Adversarial Nibbler: An Open Red-Teaming Method for Identifying Diverse Harms in Text-to-Image Generation

Jessica Quaye,Alicia Parrish,Oana Inel,Charvi Rastogi,Hannah Rose Kirk,Minsuk Kahng,Erin van Liemt,Max Bartolo,Jess Tsang,Justin White,Nathan Clement,Rafael Mosquera,Juan Ciro,Vijay Janapa Reddi,Lora Aroyo

from arxiv, 15 pages, 6 figures

With the rise of text-to-image (T2I) generative AI models reaching wide audiences, it is critical to evaluate model robustness against non-obvious attacks to mitigate the generation of offensive images. By focusing on ``implicitly adversarial'' prompts (those that trigger T2I models to generate unsafe images for non-obvious reasons), we isolate a set of difficult safety issues that human creativity is well-suited to uncover. To this end, we built the Adversarial Nibbler Challenge, a red-teaming methodology for crowdsourcing a diverse set of implicitly adversarial prompts. We have assembled a suite of state-of-the-art T2I models, employed a simple user interface to identify and annotate harms, and engaged diverse populations to capture long-tail safety issues that may be overlooked in standard testing. The challenge is run in consecutive rounds to enable a sustained discovery and analysis of safety pitfalls in T2I models. In this paper, we present an in-depth account of our methodology, a systematic study of novel attack strategies and discussion of safety failures revealed by challenge participants. We also release a companion visualization tool for easy exploration and derivation of insights from the dataset. The first challenge round resulted in over 10k prompt-image pairs with machine annotations for safety. A subset of 1.5k samples contains rich human annotations of harm types and attack styles. We find that 14% of images that humans consider harmful are mislabeled as ``safe'' by machines. We have identified new attack strategies that highlight the complexity of ensuring T2I model robustness. Our findings emphasize the necessity of continual auditing and adaptation as new vulnerabilities emerge. We are confident that this work will enable proactive, iterative safety assessments and promote responsible development of T2I models.
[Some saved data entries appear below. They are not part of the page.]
lemma prim_costs_le_uniform:
  fixes M A D G :: "nat \<Rightarrow> real"
  assumes "\<forall>k\<ge>1. real k \<le> M k"
    and "\<exists>Ca. \<forall>k\<ge>1. A k \<le> Ca * real k"
    and "\<exists>Cd. \<forall>k\<ge>1. D k \<le> Cd * M k"
    and "\<exists>Cg. \<forall>k\<ge>2. G k \<le> Cg * M k * ln (real k)"
  shows "\<exists>c g. 0 \<le> c \<and> 0 \<le> g \<and> (\<forall>k\<ge>2. A k \<le> c * M k \<and> M k \<le> c * M k \<and> D k \<le> c * M k
              \<and> G k \<le> g * M k * ln (real k))"
proof -
  obtain Ca Cd Cg where Ca: "\<forall>k\<ge>1. A k \<le> Ca * real k" and Cd: "\<forall>k\<ge>1. D k \<le> Cd * M k"
    and Cg: "\<forall>k\<ge>2. G k \<le> Cg * M k * ln (real k)"
    using assms(2-4) by blast
  define c where "c = max Ca 0 + max Cd 0 + 1"
  have "A k \<le> c * M k \<and> M k \<le> c * M k \<and> D k \<le> c * M k \<and> G k \<le> max Cg 0 * M k * ln (real k)"
    if "k \<ge> 2" for k
  proof (intro conjI)
    have "0 \<le> M k" "real k \<le> M k" using assms(1) that by (auto intro: order_trans[of _ "real k"])
    have c: "1 \<le> c" "max Ca 0 \<le> c" "max Cd 0 \<le> c" by (simp_all add: c_def)
    have "A k \<le> Ca * real k" using Ca that by simp
    also have "\<dots> \<le> max Ca 0 * real k" by (intro mult_right_mono) auto
    also have "\<dots> \<le> c * M k" using c \<open>real k \<le> M k\<close> by (intro mult_mono) auto
    finally show "A k \<le> c * M k" .
    show "M k \<le> c * M k" using c mult_right_mono[of 1 c "M k"] \<open>0 \<le> M k\<close> by simp
    have "D k \<le> Cd * M k" using Cd that by simp
    also have "\<dots> \<le> max Cd 0 * M k" using \<open>0 \<le> M k\<close> by (intro mult_right_mono) auto
    also have "\<dots> \<le> c * M k" using c \<open>0 \<le> M k\<close> by (intro mult_right_mono) auto
    finally show "D k \<le> c * M k" .
    have "G k \<le> Cg * (M k * ln (real k))" using Cg that by (simp add: mult.assoc)
    also have "\<dots> \<le> max Cg 0 * (M k * ln (real k))"
      using \<open>0 \<le> M k\<close> that by (intro mult_right_mono) auto
    finally show "G k \<le> max Cg 0 * M k * ln (real k)" by (simp add: mult.assoc)
  qed
  then show ?thesis by (intro exI[of _ c] exI[of _ "max Cg 0"]) (auto simp: c_def)
qed

lemma trace_cost_alg_trace_le_ln_ln:
  fixes M A D G :: "nat \<Rightarrow> real"
  assumes M_lin: "\<forall>k\<ge>1. real k \<le> M k"
    and "\<exists>c g. 0 \<le> c \<and> 0 \<le> g \<and> (\<forall>k\<ge>2. A k \<le> c * M k \<and> M k \<le> c * M k \<and> D k \<le> c * M k
              \<and> G k \<le> g * M k * ln (real k))"
  shows "\<exists>C. \<forall>x\<ge>3. trace_cost M A D G (alg_trace x) \<le> C * real x * M (bitlen x) * ln (ln (real x))"
proof -
  obtain c g where "0 \<le> c" "0 \<le> g" and costs: "\<forall>k\<ge>2. A k \<le> c * M k \<and> M k \<le> c * M k
      \<and> D k \<le> c * M k \<and> G k \<le> g * M k * ln (real k)"
    using assms(2) by blast
  obtain KT where KT: "\<forall>x\<ge>3. (\<Sum>p | prime p \<and> p \<le> x. 1 / real p) \<le> KT * ln (ln (real x))"
    using sum_primes_inverse_le_ln_ln by blast
  obtain KL where KL: "\<forall>x\<ge>3. ln (real (bitlen x)) \<le> KL * ln (ln (real x))"
    using ln_bitlen_le_ln_ln by blast
  show ?thesis
  proof (intro exI allI impI)
    fix x :: nat assume "x \<ge> 3"
    define k where "k = bitlen x"
    define LL where "LL = ln (ln (real x))"
    have "k \<ge> 2" using bitlen_ge_2[OF \<open>x \<ge> 3\<close>] by (simp add: k_def)
    then have "0 \<le> M k" using M_lin by (auto intro: order_trans[of _ "real k"])
    define T where "T = (\<Sum>p | prime p \<and> p \<le> x. 1 / real p)"
    have "4 \<le> 4 / ln (ln 3) * LL" "T \<le> KT * LL"
      using le_mult_ln_ln[of 4 x] KT \<open>x \<ge> 3\<close> by (simp_all add: LL_def T_def)
    then have T_le: "4 + 10 * T \<le> (4 / ln (ln 3) + 10 * KT) * LL" by (simp add: distrib_right)
    have k_le: "ln (real k) \<le> KL * LL" using KL \<open>x \<ge> 3\<close> by (simp add: k_def LL_def)
    have "trace_cost M A D G (alg_trace x) \<le> (c * M k) * real x * (4 + 10 * T) + (g * M k * ln (real k)) * real x"
      unfolding k_def T_def
      using costs \<open>k \<ge> 2\<close> \<open>0 \<le> c\<close> \<open>0 \<le> M k\<close> unfolding k_def
      by (intro trace_cost_alg_trace_le) auto
    also have "\<dots> = (c * M k * real x) * (4 + 10 * T) + (g * M k * real x) * ln (real k)"
      by (simp add: mult_ac)
    also have "\<dots> \<le> (c * M k * real x) * ((4 / ln (ln 3) + 10 * KT) * LL) + (g * M k * real x) * (KL * LL)"
      using T_le k_le \<open>0 \<le> c\<close> \<open>0 \<le> g\<close> \<open>0 \<le> M k\<close> by (intro add_mono mult_left_mono) auto
    also have "\<dots> = (c * (4 / ln (ln 3) + 10 * KT) + g * KL) * real x * M (bitlen x) * ln (ln (real x))"
      by (simp add: k_def LL_def algebra_simps)
    finally show "trace_cost M A D G (alg_trace x)
        \<le> (c * (4 / ln (ln 3) + 10 * KT) + g * KL) * real x * M (bitlen x) * ln (ln (real x))" .
  qed
qed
翻译：随着面向广泛受众的文本到图像（T2I）生成式AI模型的兴起，评估模型对非明显攻击的鲁棒性以降低生成冒犯性图像的风险变得至关重要。通过聚焦"隐含对抗性"提示（即那些因非明显原因触发T2I模型生成不安全图像的提示），我们分离出一组人类创造力特别适合发现的棘手安全问题。为此，我们构建了对抗性诱饵挑战，这是一种用于众包多样化隐含对抗性提示的红队方法。我们组装了一套最先进T2I模型套件，采用简单用户界面识别和标注危害，并吸引多样化人群捕捉标准测试中可能被忽略的长尾安全问题。该挑战以连续轮次进行，以实现对T2I模型安全隐患的持续发现与分析。本文详细阐述了我们的方法论，系统研究了挑战参与者揭示的新型攻击策略和安全故障。我们还发布了一个配套可视化工具，便于用户轻松探索数据集并提取洞见。首轮挑战产生了超过一万个带有机器安全标注的提示-图像对。其中1500个样本包含丰富的人类标注，涵盖危害类型和攻击风格。我们发现，人类认为有害的图像中有14%被机器误标为"安全"。我们识别出的新型攻击策略凸显了确保T2I模型鲁棒性的复杂性。研究结果强调随着新漏洞的出现，持续审计与适应的必要性。我们相信，这项工作将促进主动、迭代的安全评估，并推动T2I模型的负责任开发。